At the bottom of this page, you will notice, are now advertisements placed by Google on behalf of various companies. And Google’s intuition is such that it predicts, based on the content of my writing, what visitors to this site will be inclined to purchase. Thus, in the unlikely event that I spend a paragraph talking about microwave dinners (of which I just enjoyed a particularly lacklustre example―fettuccine with broccoli florets―in which the florets exhibited a plastic chemical tang and the fettuccine was laced with rubber and the whole dish left an aftertaste somewhere between asphalt and pine-bark, but hey, it was three dollars and according to the label had less than 7 grams fat) the advertising below will reflect this and presumably offer visitors to this site an incentive for assessing said dinners or some such ruse.

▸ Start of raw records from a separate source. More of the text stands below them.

lemma twice_differentiable_at_diff:
  assumes "twice_differentiable_at f x" "twice_differentiable_at g x"
  shows "twice_differentiable_at (\<lambda>y. f y - g y) x"
proof (rule twice_differentiable_atI[where f'="\<lambda>a y. pd a f y - pd a g y"])
  have near: "\<forall>\<^sub>F y in nhds x. f differentiable at y \<and> g differentiable at y"
    using assms unfolding twice_differentiable_at_def by (simp add: eventually_conj)
  then show "\<forall>\<^sub>F y in nhds x. (\<lambda>y. f y - g y) differentiable at y"
    by (auto elim: eventually_mono)
  show "\<forall>\<^sub>F y in nhds x. pd a (\<lambda>y. f y - g y) y = pd a f y - pd a g y" for a
    using near by (auto elim: eventually_mono simp: pd_diff)
  show "(\<lambda>y. pd a f y - pd a g y) differentiable at x" for a
    using assms unfolding twice_differentiable_at_def by simp
qed

lemma twice_differentiable_at_add:
  assumes "twice_differentiable_at f x" "twice_differentiable_at g x"
  shows "twice_differentiable_at (\<lambda>y. f y + g y) x"
proof (rule twice_differentiable_atI[where f'="\<lambda>a y. pd a f y + pd a g y"])
  have near: "\<forall>\<^sub>F y in nhds x. f differentiable at y \<and> g differentiable at y"
    using assms unfolding twice_differentiable_at_def by (simp add: eventually_conj)
  then show "\<forall>\<^sub>F y in nhds x. (\<lambda>y. f y + g y) differentiable at y"
    by (auto elim: eventually_mono)
  show "\<forall>\<^sub>F y in nhds x. pd a (\<lambda>y. f y + g y) y = pd a f y + pd a g y" for a
    using near by (auto elim: eventually_mono simp: pd_add)
  show "(\<lambda>y. pd a f y + pd a g y) differentiable at x" for a
    using assms unfolding twice_differentiable_at_def by simp
qed

lemma (in bounded_bilinear) twice_differentiable_at_prod:
  assumes "twice_differentiable_at f x" "twice_differentiable_at g x"
  shows "twice_differentiable_at (\<lambda>y. prod (f y) (g y)) x"
proof (rule twice_differentiable_atI[where f'="\<lambda>a y. prod (f y) (pd a g y) + prod (pd a f y) (g y)"])
  have near: "\<forall>\<^sub>F y in nhds x. f differentiable at y \<and> g differentiable at y"
    using assms unfolding twice_differentiable_at_def by (simp add: eventually_conj)
  then show "\<forall>\<^sub>F y in nhds x. (\<lambda>y. prod (f y) (g y)) differentiable at y"
    by (auto elim: eventually_mono simp: differentiable_prod)
  show "\<forall>\<^sub>F y in nhds x. pd a (\<lambda>y. prod (f y) (g y)) y = prod (f y) (pd a g y) + prod (pd a f y) (g y)"
    for a
    using near by (auto elim: eventually_mono simp: pd_prod)
  show "(\<lambda>y. prod (f y) (pd a g y) + prod (pd a f y) (g y)) differentiable at x" for a
    using assms twice_differentiable_at_imp_differentiable[OF assms(1)]
      twice_differentiable_at_imp_differentiable[OF assms(2)]
    unfolding twice_differentiable_at_def by (simp add: differentiable_prod)
qed

lemmas twice_differentiable_at_matrix_vector_mult =
  bounded_bilinear.twice_differentiable_at_prod[OF bounded_bilinear_matrix_vector_mult]

lemma differentiable_covD:
  assumes "\<Gamma> c differentiable at x" "\<eta> differentiable at x" "pd c \<eta> differentiable at x"
  shows "covD \<Gamma> c \<eta> differentiable at x"
  unfolding covD_def[abs_def] using assms
  by (intro differentiable_add differentiable_matrix_vector_mult)

lemma pd_covD:
  assumes "\<Gamma> c differentiable at x" "\<eta> differentiable at x" "pd c \<eta> differentiable at x"
  shows "pd a (covD \<Gamma> c \<eta>) x = pd a (pd c \<eta>) x + \<Gamma> c x *v pd a \<eta> x + pd a (\<Gamma> c) x *v \<eta> x"
  unfolding covD_def[abs_def] using assms
  by (simp add: pd_add differentiable_matrix_vector_mult pd_matrix_vector_mult)

lemma twice_differentiable_at_covD:
  assumes "twice_differentiable_at (\<Gamma> c) x" "twice_differentiable_at \<eta> x"
    and "twice_differentiable_at (pd c \<eta>) x"
  shows "twice_differentiable_at (covD \<Gamma> c \<eta>) x"
  unfolding covD_def[abs_def] using assms
  by (intro twice_differentiable_at_add twice_differentiable_at_matrix_vector_mult)

lemma extD_diff:
  assumes "\<And>c. \<phi> c differentiable at x" "\<And>c. \<phi>' c differentiable at x"
  shows "extD \<Gamma> (\<lambda>c y. \<phi> c y - \<phi>' c y) a b x = extD \<Gamma> \<phi> a b x - extD \<Gamma> \<phi>' a b x"
  unfolding extD_def covD_def using assms
  by (simp add: pd_diff algebra_simps matrix_vector_mult_diff_distrib)

lemma extD_covD:
  assumes "\<And>c. \<Gamma> c differentiable at x" "twice_differentiable_at \<eta> x"
  shows "extD \<Gamma> (\<lambda>c. covD \<Gamma> c \<eta>) a b x = curv \<Gamma> a b x *v \<eta> x"
proof -
  have "\<eta> differentiable at x" "pd c \<eta> differentiable at x" for c
    using assms(2) twice_differentiable_at_imp_differentiable unfolding twice_differentiable_at_def
    by blast+
  then show ?thesis
    unfolding extD_def covD_def[of \<Gamma> a] covD_def[of \<Gamma> b] curv_def
    using assms
    by (simp add: pd_covD[unfolded covD_def[abs_def]] pd_commute[of \<eta> x a b] algebra_simps
        scaleR_matrix_vector_assoc[symmetric] matrix_vector_mult_scaleR matrix_vector_mul_assoc[symmetric])
qed

text \<open>(D^wedge omega)_abc = D_[a omega_bc] on E-valued 2-forms; for omega skew in its two indices
  the skew-symmetrisation reduces to this cyclic sum, as in kappa1.\<close>
definition extD2 :: "('n::finite \<Rightarrow> real^'n \<Rightarrow> real^'m::finite^'m) \<Rightarrow> ('n \<Rightarrow> 'n \<Rightarrow> real^'n \<Rightarrow> real^'m)
    \<Rightarrow> 'n \<Rightarrow> 'n \<Rightarrow> 'n \<Rightarrow> real^'n \<Rightarrow> real^'m" where
  "extD2 \<Gamma> \<omega> a b c x = (1/3) *\<^sub>R (covD \<Gamma> a (\<omega> b c) x + covD \<Gamma> b (\<omega> c a) x + covD \<Gamma> c (\<omega> a b) x)"

lemma extD2_eq_0:
  assumes "\<forall>\<^sub>F y in nhds x. \<forall>a b. \<omega> a b y = 0"
  shows "extD2 \<Gamma> \<omega> a b c x = 0"
proof -
  have "\<forall>\<^sub>F y in nhds x. \<omega> b c y = 0" for b c
    using assms by (rule eventually_mono) simp
  then have "pd a (\<omega> b c) x = 0" for a b c
    by (simp add: pd_cong_nhds[where g="\<lambda>_. 0"] pd_const)
  moreover have "\<omega> a b x = 0" for a b
    using eventually_nhds_x_imp_x[OF assms] by blast
  ultimately show ?thesis
    unfolding extD2_def covD_def by simp
qed

lemma extD2_extD:
  assumes "\<And>a. \<Gamma> a differentiable at x" "\<And>c. twice_differentiable_at (\<phi> c) x"
  shows "extD2 \<Gamma> (extD \<Gamma> \<phi>) a b c x = kappa1 \<Gamma> x (\<lambda>c. \<phi> c x) a b c"
proof -
  have d: "\<phi> c differentiable at x" "pd a (\<phi> c) differentiable at x" for a c
    using assms(2) twice_differentiable_at_imp_differentiable unfolding twice_differentiable_at_def
    by blast+
  have pd_extD: "pd a (extD \<Gamma> \<phi> b c) x
      = (1/2) *\<^sub>R (pd a (covD \<Gamma> b (\<phi> c)) x - pd a (covD \<Gamma> c (\<phi> b)) x)" for a b c
    unfolding extD_def[abs_def] using assms(1) d
    by (simp add: pd_scaleR pd_diff differentiable_covD)
  show ?thesis
    unfolding extD2_def covD_def[of \<Gamma> _ "extD \<Gamma> \<phi> _ _"] pd_extD kappa1_def curv_def
    unfolding extD_def covD_def[of \<Gamma> _ "\<phi> _"]
    using assms d
    by (simp add: pd_covD[unfolded covD_def[abs_def]] pd_commute algebra_simps
        scaleR_matrix_vector_assoc[symmetric] matrix_vector_mult_scaleR matrix_vector_mul_assoc[symmetric])
qed

lemma kappa1_const:
  "kappa1 \<Gamma> x (\<lambda>_. v) a b c = (1/3) *\<^sub>R (kappa \<Gamma> x v a b + kappa \<Gamma> x v b c + kappa \<Gamma> x v c a)"
  by (simp add: kappa1_def kappa_def)

lemma inj_kappa1_imp_inj_kappa:
  assumes "inj (kappa1 \<Gamma> x)"
  shows "inj (kappa \<Gamma> x)"
proof (rule injI)
  fix v w
  assume "kappa \<Gamma> x v = kappa \<Gamma> x w"
  then have "kappa1 \<Gamma> x (\<lambda>_. v) = kappa1 \<Gamma> x (\<lambda>_. w)"
    by (simp add: fun_eq_iff kappa1_const)
  then have "(\<lambda>_::'a. v) = (\<lambda>_. w)"
    by (rule injD[OF assms])
  then show "v = w"
    by (simp add: fun_eq_iff)
qed
lemma Suc_times_central_binomial_Suc:
  "Suc n * ((2 * Suc n) choose Suc n) = 2 * (2 * n + 1) * ((2 * n) choose n)"
proof -
  have "Suc n * ((2 * Suc n) choose Suc n) = 2 * (Suc n * (Suc (2 * n) choose n))"
    using Suc_times_binomial[of n "Suc (2 * n)"] by simp
  also have "Suc (2 * n) choose n = Suc (2 * n) choose Suc n"
    using binomial_symmetric[of n "Suc (2 * n)"] by (simp add: Suc_diff_le)
  also have "Suc n * \<dots> = (2 * n + 1) * ((2 * n) choose n)"
    using Suc_times_binomial[of n "2 * n"] by simp
  finally show ?thesis by simp
qed

lemma central_binomial_sq_le: "((2 * n) choose n)\<^sup>2 * (2 * n + 1) \<le> 16 ^ n"
proof (induction n)
  case 0
  then show ?case by simp
next
  case (Suc n)
  define b where "b = (2 * n) choose n"
  define b' where "b' = (2 * Suc n) choose Suc n"
  have "(Suc n)\<^sup>2 * (b'\<^sup>2 * (2 * Suc n + 1)) = (Suc n * b')\<^sup>2 * (2 * n + 3)"
    by (simp only: power_mult_distrib mult.assoc) (simp add: algebra_simps)
  also have "Suc n * b' = 2 * (2 * n + 1) * b"
    unfolding b_def b'_def by (rule Suc_times_central_binomial_Suc)
  also have "(2 * (2 * n + 1) * b)\<^sup>2 * (2 * n + 3) = 4 * ((2 * n + 1) * (2 * n + 3)) * (b\<^sup>2 * (2 * n + 1))"
    by (simp add: power2_eq_square algebra_simps)
  also have "\<dots> \<le> 4 * ((2 * n + 1) * (2 * n + 3)) * 16 ^ n"
    using Suc.IH unfolding b_def by simp
  also have "\<dots> \<le> (Suc n)\<^sup>2 * 16 ^ Suc n"
    by (simp add: power2_eq_square algebra_simps)
  finally show ?case
    unfolding b'_def by simp
qed

lemma central_binomial_div_power_tendsto_0: "(\<lambda>n. real ((2 * n) choose n) / 4 ^ n) \<longlonglongrightarrow> 0"
proof -
  have "(real ((2 * n) choose n) / 4 ^ n)\<^sup>2 \<le> inverse (real (Suc n))" for n
  proof -
    have "((2 * n) choose n)\<^sup>2 * Suc n \<le> 16 ^ n"
      using central_binomial_sq_le[of n] by (rule order_trans[rotated]) simp
    then have "real (((2 * n) choose n)\<^sup>2) * real (Suc n) \<le> 16 ^ n"
      by (metis of_nat_le_iff of_nat_mult of_nat_numeral of_nat_power)
    moreover have "(4 ^ n)\<^sup>2 = (16 :: real) ^ n"
      by (simp add: power2_eq_square flip: power_mult_distrib)
    ultimately show ?thesis
      by (simp add: power_divide field_simps)
  qed
  then have "(\<lambda>n. (real ((2 * n) choose n) / 4 ^ n)\<^sup>2) \<longlonglongrightarrow> 0"
    by (intro tendsto_sandwich[OF _ _ tendsto_const LIMSEQ_inverse_real_of_nat]) simp_all
  from tendsto_real_sqrt[OF this] show ?thesis
    by simp
qed

lemma alpha_le:
  assumes "\<And>i x. x \<in> gf2_space m \<Longrightarrow> real (card (weight_class i (coset V x))) / real (card V) \<le> b"
  shows "alpha m V \<le> b"
  unfolding alpha_def
proof (rule cSup_least)
  have "(\<lambda>_. 0) \<in> gf2_space m"
    by (simp add: gf2_space_def)
  then show "{real (card (weight_class i (coset V x))) / real (card V) | i x. x \<in> gf2_space m} \<noteq> {}"
    by blast
qed (use assms in blast)

lemma alpha_nonneg:
  assumes "finite V"
  shows "0 \<le> alpha m V"
proof -
  define X where "X = {real (card (weight_class i (coset V x))) / real (card V) | i x. x \<in> gf2_space m}"
  have "card (weight_class i (coset V x)) \<le> card V" for i x
  proof -
    have "card (weight_class i (coset V x)) \<le> card (coset V x)"
    proof (rule card_mono)
      show "finite (coset V x)"
        unfolding coset_def using assms by (rule finite_imageI)
    qed (simp add: weight_class_def)
    then show ?thesis
      by (simp add: card_coset)
  qed
  then have "bdd_above X"
    unfolding X_def bdd_above_def by (auto intro!: exI[of _ 1] simp: divide_le_eq_1)
  define y where "y = real (card (weight_class 0 (coset V (\<lambda>_. 0)))) / real (card V)"
  have "y \<in> X"
    unfolding X_def y_def gf2_space_def by blast
  with \<open>bdd_above X\<close> have "y \<le> Sup X"
    by (intro cSup_upper)
  moreover have "0 \<le> y"
    by (simp add: y_def)
  ultimately show ?thesis
    unfolding alpha_def X_def[symmetric] by linarith
qed

lemma alpha_le_central_binomial:
  assumes "is_subspace m V" "2 * j \<le> card (weight_class 1 V)"
  shows "alpha m V \<le> real ((2 * j) choose j) / 4 ^ j"
proof (rule alpha_le)
  fix i x assume "x \<in> gf2_space m"
  obtain S where S: "S \<subseteq> {l. char_vec {l} \<in> V}" "card S = 2 * j" "finite S"
    using assms(2) unfolding card_weight_class_1 by (rule obtain_subset_with_card_n)
  have "card (weight_class i (coset V x)) * 4 ^ j \<le> card V * ((2 * j) choose j)"
    using card_weight_class_coset_le[OF assms(1) \<open>x \<in> gf2_space m\<close> S(3), of i] S(1,2)
    by (auto simp: power_mult)
  then have "real (card (weight_class i (coset V x))) * 4 ^ j \<le> real (card V) * real ((2 * j) choose j)"
    by (metis of_nat_le_iff of_nat_mult of_nat_numeral of_nat_power)
  moreover have "card V > 0"
    using assms(1) finite_subspace card_gt_0_iff unfolding is_subspace_def by blast
  ultimately show "real (card (weight_class i (coset V x))) / real (card V) \<le> real ((2 * j) choose j) / 4 ^ j"
    by (simp add: field_simps)
qed

theorem corollary2:
  fixes m :: "nat \<Rightarrow> nat" and V :: "nat \<Rightarrow> (nat \<Rightarrow> bit) set"
  assumes "\<And>n. m n > 0"
    and "\<And>n. is_subspace (m n) (V n)"
    and "filterlim (\<lambda>n. card (weight_class 1 (V n))) at_top sequentially"
  shows "(\<lambda>n. alpha (m n) (V n)) \<longlonglongrightarrow> 0"
proof (rule tendsto_sandwich[OF _ _ tendsto_const])
  define j where "j n = card (weight_class 1 (V n)) div 2" for n
  have "filterlim j at_top sequentially"
    unfolding j_def by (rule filterlim_compose[OF filterlim_at_top_div_const_nat assms(3)]) simp
  with central_binomial_div_power_tendsto_0
  show "(\<lambda>n. real ((2 * j n) choose j n) / 4 ^ j n) \<longlonglongrightarrow> 0"
    by (rule filterlim_compose)
  have "alpha (m n) (V n) \<le> real ((2 * j n) choose j n) / 4 ^ j n" for n
    using assms(2) by (rule alpha_le_central_binomial) (simp add: j_def)
  then show "\<forall>\<^sub>F n in sequentially. alpha (m n) (V n) \<le> real ((2 * j n) choose j n) / 4 ^ j n"
    by simp
  show "\<forall>\<^sub>F n in sequentially. 0 \<le> alpha (m n) (V n)"
    using alpha_nonneg[OF finite_subspace[OF assms(2)]] by simp
qed

end
section \<open>Windows and concatenations\<close>

lemma card_incident_pairs_le:
  assumes "finite I" "inj_on fst M" "inj_on snd M"
    and no_crossing: "\<And>a b c d. (a, b) \<in> M \<Longrightarrow> (c, d) \<in> M \<Longrightarrow> a \<in> I \<Longrightarrow> b \<notin> I \<Longrightarrow> c \<notin> I \<Longrightarrow> d \<in> I \<Longrightarrow> False"
  shows "card {p \<in> M. fst p \<in> I \<or> snd p \<in> I} \<le> card I"
proof -
  have "(\<forall>p \<in> M. fst p \<in> I \<longrightarrow> snd p \<in> I) \<or> (\<forall>p \<in> M. snd p \<in> I \<longrightarrow> fst p \<in> I)"
  proof (rule ccontr)
    assume "\<not> ?thesis"
    then obtain a b c d where "(a, b) \<in> M" "(c, d) \<in> M" "a \<in> I" "b \<notin> I" "c \<notin> I" "d \<in> I"
      by auto
    then show False by (rule no_crossing)
  qed
  then consider "\<forall>p \<in> M. fst p \<in> I \<longrightarrow> snd p \<in> I" | "\<forall>p \<in> M. snd p \<in> I \<longrightarrow> fst p \<in> I"
    by blast
  then show ?thesis
  proof cases
    case 1
    then have "{p \<in> M. fst p \<in> I \<or> snd p \<in> I} = {p \<in> M. snd p \<in> I}" by blast
    moreover have "card {p \<in> M. snd p \<in> I} \<le> card I"
      using assms(1) inj_on_subset[OF assms(3)] by (intro card_inj_on_le[where f = snd]) auto
    ultimately show ?thesis by simp
  next
    case 2
    then have "{p \<in> M. fst p \<in> I \<or> snd p \<in> I} = {p \<in> M. fst p \<in> I}" by blast
    moreover have "card {p \<in> M. fst p \<in> I} \<le> card I"
      using assms(1) inj_on_subset[OF assms(2)] by (intro card_inj_on_le[where f = fst]) auto
    ultimately show ?thesis by simp
  qed
qed

lemma card_monotone_matching_le_window:
  assumes M: "monotone_matching n n M" and "l \<le> r" "r \<le> n"
  shows "card M \<le> card {p \<in> M. fst p \<in> {l..<r} \<and> snd p \<in> {l..<r}} + l + (n - r)"
proof -
  note inj = monotone_matching_inj_on_fst[OF M] monotone_matching_inj_on_snd[OF M]
  note order = monotone_matching_order[OF M]
  define W where "W = {p \<in> M. fst p \<in> {l..<r} \<and> snd p \<in> {l..<r}}"
  define L where "L = {p \<in> M. fst p \<in> {..<l} \<or> snd p \<in> {..<l}}"
  define R where "R = {p \<in> M. fst p \<in> {r..<n} \<or> snd p \<in> {r..<n}}"
  have "card L \<le> card {..<l}"
    unfolding L_def
  proof (rule card_incident_pairs_le[OF finite_lessThan inj])
    fix a b c d assume "(a, b) \<in> M" "(c, d) \<in> M" "a \<in> {..<l}" "b \<notin> {..<l}" "c \<notin> {..<l}" "d \<in> {..<l}"
    then show False using order[of a b c d] by auto
  qed
  moreover have "card R \<le> card {r..<n}"
    unfolding R_def
  proof (rule card_incident_pairs_le[OF finite_atLeastLessThan inj])
    fix a b c d assume ab: "(a, b) \<in> M" and cd: "(c, d) \<in> M"
      and "a \<in> {r..<n}" "b \<notin> {r..<n}" "c \<notin> {r..<n}" "d \<in> {r..<n}"
    then show False using order[OF cd ab] monotone_matching_bounds[OF M ab] monotone_matching_bounds[OF M cd]
      by auto
  qed
  moreover have "card M \<le> card W + card L + card R"
  proof -
    have "M \<subseteq> W \<union> L \<union> R"
    proof
      fix p assume p: "p \<in> M"
      then have "fst p < n" "snd p < n" using monotone_matching_bounds[OF M, of "fst p" "snd p"] by simp_all
      then show "p \<in> W \<union> L \<union> R" using p unfolding W_def L_def R_def by auto
    qed
    then have "card M \<le> card (W \<union> L \<union> R)"
      using monotone_matching_finite[OF M] by (intro card_mono) (auto simp: W_def L_def R_def)
    also have "\<dots> \<le> card W + card L + card R"
      by (meson card_Un_le add_right_mono order_trans)
    finally show ?thesis .
  qed
  ultimately show ?thesis unfolding W_def by simp
qed

definition shift_pairs :: "nat \<Rightarrow> nat \<Rightarrow> (nat \<times> nat) set \<Rightarrow> (nat \<times> nat) set" where
  "shift_pairs i j M = (\<lambda>(a, b). (a + i, b + j)) ` M"

lemma shift_pairs_iff: "(a, b) \<in> shift_pairs i j M \<longleftrightarrow> i \<le> a \<and> j \<le> b \<and> (a - i, b - j) \<in> M"
  unfolding shift_pairs_def by (force simp: image_iff)

lemma finite_shift_pairs: "finite M \<Longrightarrow> finite (shift_pairs i j M)"
  unfolding shift_pairs_def by simp

lemma card_shift_pairs: "card (shift_pairs i j M) = card M"
  unfolding shift_pairs_def by (rule card_image) (auto simp: inj_on_def)

lemma monotone_matching_append:
  assumes A: "monotone_matching n m A" and B: "monotone_matching n' m' B"
  shows "monotone_matching (n + n') (m + m') (A \<union> shift_pairs n m B)"
  unfolding monotone_matching_def
proof (intro conjI allI impI subsetI)
  fix p assume "p \<in> A \<union> shift_pairs n m B"
  then show "p \<in> {..<n + n'} \<times> {..<m + m'}"
    using monotone_matching_bounds[OF A] monotone_matching_bounds[OF B]
    by (cases p) (fastforce simp: shift_pairs_iff)
next
  fix a b c d assume ab: "(a, b) \<in> A \<union> shift_pairs n m B" and cd: "(c, d) \<in> A \<union> shift_pairs n m B"
  have before: "a' < c' \<and> b' < d'" if "(a', b') \<in> A" "(c', d') \<in> shift_pairs n m B" for a' b' c' d'
    using that monotone_matching_bounds[OF A] by (fastforce simp: shift_pairs_iff)
  show "a < c \<longleftrightarrow> b < d"
  proof (cases "(a, b) \<in> A"; cases "(c, d) \<in> A")
    assume "(a, b) \<notin> A" "(c, d) \<notin> A"
    then have "(a - n, b - m) \<in> B" "(c - n, d - m) \<in> B" "n \<le> a" "n \<le> c" "m \<le> b" "m \<le> d"
      using ab cd by (auto simp: shift_pairs_iff)
    then show ?thesis using monotone_matching_order[OF B, of "a - n" "b - m" "c - n" "d - m"] by linarith
  qed (use ab cd before monotone_matching_order[OF A] in \<open>fastforce+\<close>)
qed

lemma matching_cost_append:
  assumes A: "monotone_matching (length X) (length Y) A"
    and B: "monotone_matching (length X') (length Y') B"
  shows "matching_cost (length X + length X') (length Y + length Y') (X @ X') (Y @ Y')
           (A \<union> shift_pairs (length X) (length Y) B) =
         matching_cost (length X) (length Y) X Y A + matching_cost (length X') (length Y') X' Y' B"
proof -
  let ?n = "length X" and ?m = "length Y"
  note boundsA = monotone_matching_bounds[OF A] and boundsB = monotone_matching_bounds[OF B]
  have disjoint: "A \<inter> shift_pairs ?n ?m C = {}" for C
    using boundsA by (fastforce simp: shift_pairs_iff)
  have "mismatches (X @ X') (Y @ Y') (A \<union> shift_pairs ?n ?m B) =
        mismatches X Y A \<union> shift_pairs ?n ?m (mismatches X' Y' B)"
  proof -
    have "mismatches (X @ X') (Y @ Y') A = mismatches X Y A"
      using boundsA by (force simp: mismatches_def nth_append)
    moreover have "mismatches (X @ X') (Y @ Y') (shift_pairs ?n ?m B) = shift_pairs ?n ?m (mismatches X' Y' B)"
      by (auto simp: mismatches_def shift_pairs_def nth_append)
    ultimately show ?thesis by (simp add: mismatches_Un)
  qed
  moreover have "mismatches X Y A \<inter> shift_pairs ?n ?m (mismatches X' Y' B) = {}"
    using disjoint unfolding mismatches_def by blast
  ultimately have "card (mismatches (X @ X') (Y @ Y') (A \<union> shift_pairs ?n ?m B)) =
             card (mismatches X Y A) + card (mismatches X' Y' B)"
    using finite_mismatches[OF A, of X Y] finite_mismatches[OF B, of X' Y']
    by (simp add: card_Un_disjoint card_shift_pairs finite_shift_pairs)
  moreover have "card (A \<union> shift_pairs ?n ?m B) = card A + card B"
    using monotone_matching_finite[OF A] monotone_matching_finite[OF B] disjoint[of B]
    by (simp add: card_Un_disjoint card_shift_pairs finite_shift_pairs)
  ultimately show ?thesis
    using card_monotone_matching_le[OF A] card_monotone_matching_le[OF B]
    unfolding matching_cost_def by simp
qed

The advertisements are an optional service provided by Google, the owner of whoever owns this website. Every time a visitor clicks on the advertisement, one ten-thousandth of the advertisement fee―or some equally miniscule amount―is tallied, set against my name, and after an indeterminate amount of time a cheque arrives in my mailbox. As I have no misconceptions about the amount of traffic this site generates, I expect the cheque to be somewhere between one cent and a dollar. It is a relief, I find, to give over to it―whatever it is―and let the tide of commoditisation wash over those possessions of mine that do not bear some birthmark of their origin. The experiment will occupy some time, anyway, and at the very least I will acquire a talisman―in the form of a cheque that’s quite literally worth less than the paper it’s printed on―of the unbridled capitalism this country is the beating, feverish heart of.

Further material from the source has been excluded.